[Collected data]
(* Let $L$ be the adjoint module of $gl(1|1)$; it is of type $\mathrm{III}_1$. For every $n\ge1$, \[ L^{\otimes n}\cong\mathrm{III}_1^{\otimes n}\cong\bigoplus_{\ell=-n+2}^{n}\binom{2n-2}{n-\ell}\,\mathrm{III}_\ell \] (parities of highest-weight vectors suppressed).
   Context: $gl(1|1)$ is the Lie superalgebra with basis $H,G$ (even), $Q_+,Q_-$ (odd), nonzero supercommutators $[G,Q_\pm]=\pm Q_\pm$, $[Q_+,Q_-]=H$ (so $Q_+Q_-+Q_-Q_+=H$ in the enveloping algebra). A weight is a $G$-eigenvalue. $\mathrm{III}_\gamma$ denotes the module with basis $v,Q_+v,Q_-v,Q_+Q_-v$ (all nonzero) of $G$-weights $\gamma-1,\gamma,\gamma-2,\gamma-1$, with $H$ acting by $0$ and $Q_-Q_+v=-Q_+Q_-v$ (with either parity of the highest-weight vector $Q_+v$). Tensor products of $\mathbb Z_2$-graded modules carry the usual super action. *)

theory Defs
  imports Main Complex_Main "Jordan_Normal_Form.Matrix"
begin

text \<open>Basis of gl(1|1): H, G even; Qp = Q_+, Qm = Q_- odd.\<close>
datatype gen = H | G | Qp | Qm

fun odd_gen :: "gen \<Rightarrow> bool" where
  "odd_gen H = False" | "odd_gen G = False" | "odd_gen Qp = True" | "odd_gen Qm = True"

text \<open>A finite-dimensional Z2-graded module over gl(1|1), given in a homogeneous basis
  e_0,...,e_(d-1): smod_dim = d, smod_par i = True iff e_i is odd, and smod_act x is the
  d x d matrix of the action of the basis element x (column j = image of e_j).\<close>
record smod =
  smod_dim :: nat
  smod_par :: "nat \<Rightarrow> bool"
  smod_act :: "gen \<Rightarrow> complex mat"

text \<open>Coefficient of z in the supercommutator [x,y]:
  [G,Q_+] = Q_+, [G,Q_-] = -Q_-, [Q_+,Q_-] = [Q_-,Q_+] = H, and (super)antisymmetry.\<close>
fun brk :: "gen \<Rightarrow> gen \<Rightarrow> gen \<Rightarrow> complex" where
  "brk G Qp z = (if z = Qp then 1 else 0)"
| "brk Qp G z = (if z = Qp then -1 else 0)"
| "brk G Qm z = (if z = Qm then -1 else 0)"
| "brk Qm G z = (if z = Qm then 1 else 0)"
| "brk Qp Qm z = (if z = H then 1 else 0)"
| "brk Qm Qp z = (if z = H then 1 else 0)"
| "brk _ _ z = 0"

fun gen_of :: "nat \<Rightarrow> gen" where
  "gen_of 0 = H" | "gen_of (Suc 0) = G" | "gen_of (Suc (Suc 0)) = Qp" | "gen_of _ = Qm"

text \<open>The adjoint module L: basis H, G, Q_+, Q_- (indices 0,1,2,3), x acts by ad x = [x,-].\<close>
definition adjoint_mod :: smod where
  "adjoint_mod = \<lparr> smod_dim = 4, smod_par = (\<lambda>i. odd_gen (gen_of i)),
     smod_act = (\<lambda>x. mat 4 4 (\<lambda>(i,j). brk x (gen_of j) (gen_of i))) \<rparr>"

text \<open>The module III_\<gamma> with basis v, Q_+ v, Q_- v, Q_+Q_- v (indices 0,1,2,3),
  G-weights \<gamma>-1, \<gamma>, \<gamma>-2, \<gamma>-1, H acting by 0, Q_-Q_+ v = -Q_+Q_- v, and Q_\<pm>^2 = 0.
  The parameter p is the parity of v (so Q_+ v, the highest-weight vector, has parity \<not>p).\<close>
definition III :: "int \<Rightarrow> bool \<Rightarrow> smod" where
  "III \<gamma> p = \<lparr> smod_dim = 4,
     smod_par = (\<lambda>i. if i = 1 \<or> i = 2 then \<not> p else p),
     smod_act = (\<lambda>x. mat 4 4 (\<lambda>(i,j).
        (case x of
           H \<Rightarrow> 0
         | G \<Rightarrow> (if i = j then of_int \<gamma> - (if i = 0 \<or> i = 3 then 1 else if i = 1 then 0 else 2) else 0)
         | Qp \<Rightarrow> (if (i,j) = (1,0) \<or> (i,j) = (3,2) then 1 else 0)
         | Qm \<Rightarrow> (if (i,j) = (2,0) then 1 else if (i,j) = (3,1) then -1 else 0)))) \<rparr>"

text \<open>Super tensor product: basis e_a \<otimes> f_b at index a * dim N + b, parity |a| + |b|,
  x(v \<otimes> w) = xv \<otimes> w + (-1)^(|x||v|) v \<otimes> xw.\<close>
definition stensor :: "smod \<Rightarrow> smod \<Rightarrow> smod" where
  "stensor M N = (let dM = smod_dim M; dN = smod_dim N in
    \<lparr> smod_dim = dM * dN,
      smod_par = (\<lambda>i. smod_par M (i div dN) \<noteq> smod_par N (i mod dN)),
      smod_act = (\<lambda>x. mat (dM * dN) (dM * dN) (\<lambda>(i,j).
         let a = i div dN; b = i mod dN; a' = j div dN; b' = j mod dN in
         (if b = b' then smod_act M x $$ (a,a') else 0)
         + (if a = a' then (if odd_gen x \<and> smod_par M a' then -1 else 1) * smod_act N x $$ (b,b')
            else 0))) \<rparr>)"

definition triv_mod :: smod where
  "triv_mod = \<lparr> smod_dim = 1, smod_par = (\<lambda>_. False), smod_act = (\<lambda>_. 0\<^sub>m 1 1) \<rparr>"

fun stensor_pow :: "smod \<Rightarrow> nat \<Rightarrow> smod" where
  "stensor_pow M 0 = triv_mod"
| "stensor_pow M (Suc n) = stensor (stensor_pow M n) M"

definition dsum :: "smod \<Rightarrow> smod \<Rightarrow> smod" where
  "dsum M N = (let dM = smod_dim M; dN = smod_dim N in
    \<lparr> smod_dim = dM + dN,
      smod_par = (\<lambda>i. if i < dM then smod_par M i else smod_par N (i - dM)),
      smod_act = (\<lambda>x. mat (dM + dN) (dM + dN) (\<lambda>(i,j).
         if i < dM \<and> j < dM then smod_act M x $$ (i,j)
         else if dM \<le> i \<and> dM \<le> j then smod_act N x $$ (i - dM, j - dM) else 0)) \<rparr>)"

definition zero_mod :: smod where
  "zero_mod = \<lparr> smod_dim = 0, smod_par = (\<lambda>_. False), smod_act = (\<lambda>_. 0\<^sub>m 0 0) \<rparr>"

definition dsum_list :: "smod list \<Rightarrow> smod" where
  "dsum_list Ms = foldr dsum Ms zero_mod"

definition smod_iso :: "smod \<Rightarrow> smod \<Rightarrow> bool" where
  "smod_iso M N \<longleftrightarrow> smod_dim M = smod_dim N \<and>
     (\<exists>T. T \<in> carrier_mat (smod_dim N) (smod_dim M) \<and> invertible_mat T \<and>
        (\<forall>i < smod_dim N. \<forall>j < smod_dim M. T $$ (i,j) \<noteq> 0 \<longrightarrow> smod_par N i = smod_par M j) \<and>
        (\<forall>x. T * smod_act M x = smod_act N x * T))"

end

(*
  The adjoint module is isomorphic to III_1, with generating vector v = G. The heart of the
  proof is the decomposition
    III_\<gamma> \<otimes> III_1 \<cong> III_(\<gamma>+1) \<oplus> III_\<gamma> \<oplus> III_\<gamma> \<oplus> III_(\<gamma>-1),
  given by an explicit change of basis of the 16-dimensional tensor product and checked by
  evaluation on integer matrices; for G it suffices that this change of basis only relates basis
  vectors of equal weight. As the tensor product distributes over direct sums and respects
  isomorphisms, induction on n shows that III_1^(\<otimes>n) is a direct sum of modules III_\<ell> whose
  multiplicities satisfy m_(n+1)(\<ell>) = m_n(\<ell>-1) + 2 m_n(\<ell>) + m_n(\<ell>+1), the recursion of the
  binomial coefficients (2n-2 choose n-\<ell>).
*)

theory Submission
  imports Defs
begin

section \<open>Isomorphisms as simultaneous similarity\<close>

definition smod_wf :: "smod \<Rightarrow> bool" where
  "smod_wf M \<longleftrightarrow> (\<forall>x. smod_act M x \<in> carrier_mat (smod_dim M) (smod_dim M))"

lemma smod_wf_carrier [simp]: "smod_wf M \<Longrightarrow> smod_act M x \<in> carrier_mat (smod_dim M) (smod_dim M)"
  by (simp add: smod_wf_def)

lemma smod_wf_dsum [simp]: "smod_wf (dsum M N)"
  by (simp add: smod_wf_def dsum_def Let_def)

lemma smod_wf_stensor [simp]: "smod_wf (stensor M N)"
  by (simp add: smod_wf_def stensor_def Let_def)

lemma smod_wf_zero_mod [simp]: "smod_wf zero_mod"
  by (simp add: smod_wf_def zero_mod_def)

lemma smod_wf_triv_mod [simp]: "smod_wf triv_mod"
  by (simp add: smod_wf_def triv_mod_def)

lemma smod_wf_dsum_list [simp]: "smod_wf (dsum_list Ms)"
  by (cases Ms) (simp_all add: dsum_list_def)

lemma smod_wf_stensor_pow [simp]: "smod_wf (stensor_pow M n)"
  by (cases n) simp_all

lemma smod_wf_III [simp]: "smod_wf (III \<gamma> p)"
  by (simp add: smod_wf_def III_def)

lemma smod_wf_adjoint_mod [simp]: "smod_wf adjoint_mod"
  by (simp add: smod_wf_def adjoint_mod_def)

definition parity_sign :: "bool \<Rightarrow> complex" where
  "parity_sign b = (if b then -1 else 1)"

definition grading_mat :: "smod \<Rightarrow> complex mat" where
  "grading_mat M = mat_diag (smod_dim M) (\<lambda>i. parity_sign (smod_par M i))"

lemma grading_mat_carrier [simp]: "grading_mat M \<in> carrier_mat (smod_dim M) (smod_dim M)"
  by (simp add: grading_mat_def)

lemma grading_mat_dim [simp]: "dim_row (grading_mat M) = smod_dim M" "dim_col (grading_mat M) = smod_dim M"
  using carrier_matD[OF grading_mat_carrier[of M]] by auto

lemma mat_diag_intertwine_iff:
  fixes T :: "'a :: idom mat"
  assumes T: "T \<in> carrier_mat n m"
  shows "T * mat_diag m \<alpha> = mat_diag n \<beta> * T \<longleftrightarrow> (\<forall>i<n. \<forall>j<m. T $$ (i,j) \<noteq> 0 \<longrightarrow> \<beta> i = \<alpha> j)"
proof -
  have "T * mat_diag m \<alpha> = mat_diag n \<beta> * T \<longleftrightarrow>
      (\<forall>i<n. \<forall>j<m. T $$ (i,j) * \<alpha> j = \<beta> i * T $$ (i,j))"
    using T by (auto simp: mat_diag_mult_left mat_diag_mult_right mat_eq_iff)
  also have "\<dots> \<longleftrightarrow> (\<forall>i<n. \<forall>j<m. T $$ (i,j) \<noteq> 0 \<longrightarrow> \<beta> i = \<alpha> j)"
  proof -
    have "x * a = b * x \<longleftrightarrow> (x \<noteq> 0 \<longrightarrow> b = a)" for x a b :: 'a
      by (auto simp: mult.commute)
    then show ?thesis by simp
  qed
  finally show ?thesis .
qed

lemma mat_diag_cong: "(\<And>i. i < n \<Longrightarrow> f i = g i) \<Longrightarrow> mat_diag n f = mat_diag n g"
  by (rule eq_matI) (auto simp: mat_diag_def)

lemma parity_preserving_iff_grading_mat:
  assumes "T \<in> carrier_mat (smod_dim N) (smod_dim M)"
  shows "(\<forall>i<smod_dim N. \<forall>j<smod_dim M. T $$ (i,j) \<noteq> 0 \<longrightarrow> smod_par N i = smod_par M j)
      \<longleftrightarrow> T * grading_mat M = grading_mat N * T"
  unfolding grading_mat_def mat_diag_intertwine_iff[OF assms] by (auto simp: parity_sign_def)

lemma invertible_matE:
  assumes "invertible_mat T" "T \<in> carrier_mat n n"
  obtains S where "S \<in> carrier_mat n n" "T * S = 1\<^sub>m n" "S * T = 1\<^sub>m n"
proof -
  from assms obtain S where TS: "T * S = 1\<^sub>m n" and ST: "S * T = 1\<^sub>m (dim_row S)"
    unfolding invertible_mat_def inverts_mat_def by auto
  have "dim_col S = n" using TS by (metis index_mult_mat(3) index_one_mat(3))
  moreover have "dim_row S = n" using ST assms(2) by (metis carrier_matD(2) index_mult_mat(3) index_one_mat(3))
  ultimately show ?thesis using that TS ST by auto
qed

lemma similar_mat_wit_iff_intertwines:
  assumes c: "{A, B, P, Q} \<subseteq> carrier_mat n n" and PQ: "P * Q = 1\<^sub>m n" and QP: "Q * P = 1\<^sub>m n"
  shows "similar_mat_wit A B P Q \<longleftrightarrow> P * B = A * P"
proof
  assume "similar_mat_wit A B P Q"
  then have "A = P * B * Q" by (simp add: similar_mat_wit_def Let_def)
  have PB: "P * B \<in> carrier_mat n n" using c by auto
  have "A * P = P * B * (Q * P)"
    using \<open>A = P * B * Q\<close> assoc_mult_mat[OF PB, of Q n P n] c by simp
  then show "P * B = A * P" using QP right_mult_one_mat[OF PB] by simp
next
  assume "P * B = A * P"
  then have "P * B * Q = A * (P * Q)" using c assoc_mult_mat[of A n n P n Q n] by simp
  then show "similar_mat_wit A B P Q"
    using c PQ QP by (intro similar_mat_witI[of P Q n]) auto
qed

lemma smod_isoI:
  assumes "T \<in> carrier_mat n n" "S \<in> carrier_mat n n" "T * S = 1\<^sub>m n" "S * T = 1\<^sub>m n"
    and "smod_dim M = n" "smod_dim N = n"
    and "T * grading_mat M = grading_mat N * T" "\<And>x. T * smod_act M x = smod_act N x * T"
  shows "smod_iso M N"
proof -
  have "invertible_mat T"
    using assms(1-4) unfolding invertible_mat_def inverts_mat_def square_mat.simps by auto
  then show ?thesis
    unfolding smod_iso_def using assms parity_preserving_iff_grading_mat[of T N M] by auto
qed

(* By parity_preserving_iff_grading_mat an isomorphism is a simultaneous similarity of the
   grading matrices and of all action matrices, so its properties reduce to those of similar_mat_wit. *)
definition smod_iso_wit :: "complex mat \<Rightarrow> complex mat \<Rightarrow> smod \<Rightarrow> smod \<Rightarrow> bool" where
  "smod_iso_wit P Q M N \<longleftrightarrow> similar_mat_wit (grading_mat N) (grading_mat M) P Q
     \<and> (\<forall>x. similar_mat_wit (smod_act N x) (smod_act M x) P Q)"

lemma smod_iso_imp_wit:
  assumes iso: "smod_iso M N" and wf: "smod_wf M" "smod_wf N"
  shows "\<exists>P Q. smod_iso_wit P Q M N"
proof -
  obtain T where d: "smod_dim M = smod_dim N" and T: "T \<in> carrier_mat (smod_dim N) (smod_dim N)"
    and inv: "invertible_mat T"
    and par: "\<forall>i<smod_dim N. \<forall>j<smod_dim M. T $$ (i,j) \<noteq> 0 \<longrightarrow> smod_par N i = smod_par M j"
    and act: "\<forall>x. T * smod_act M x = smod_act N x * T"
    using iso unfolding smod_iso_def by auto
  obtain S where S: "S \<in> carrier_mat (smod_dim N) (smod_dim N)" and TS: "T * S = 1\<^sub>m (smod_dim N)"
    and ST: "S * T = 1\<^sub>m (smod_dim N)"
    using invertible_matE[OF inv T] by blast
  have c: "{grading_mat N, grading_mat M, smod_act N x, smod_act M x, T, S}
      \<subseteq> carrier_mat (smod_dim N) (smod_dim N)" for x
    using wf T S grading_mat_carrier[of M] smod_wf_carrier[OF wf(1), of x] by (auto simp: d)
  have "T * grading_mat M = grading_mat N * T"
    using par parity_preserving_iff_grading_mat[of T N M] T d by simp
  then have "smod_iso_wit T S M N"
    unfolding smod_iso_wit_def using similar_mat_wit_iff_intertwines[OF _ TS ST] c act by simp
  then show ?thesis by blast
qed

--- ABOUT THIS TASK ---
All lines above that include the word "exists" must be copied into the answer.

--- EXPECTED ANSWER ---
     (\<exists>T. T \<in> carrier_mat (smod_dim N) (smod_dim M) \<and> invertible_mat T \<and>
  shows "\<exists>P Q. smod_iso_wit P Q M N"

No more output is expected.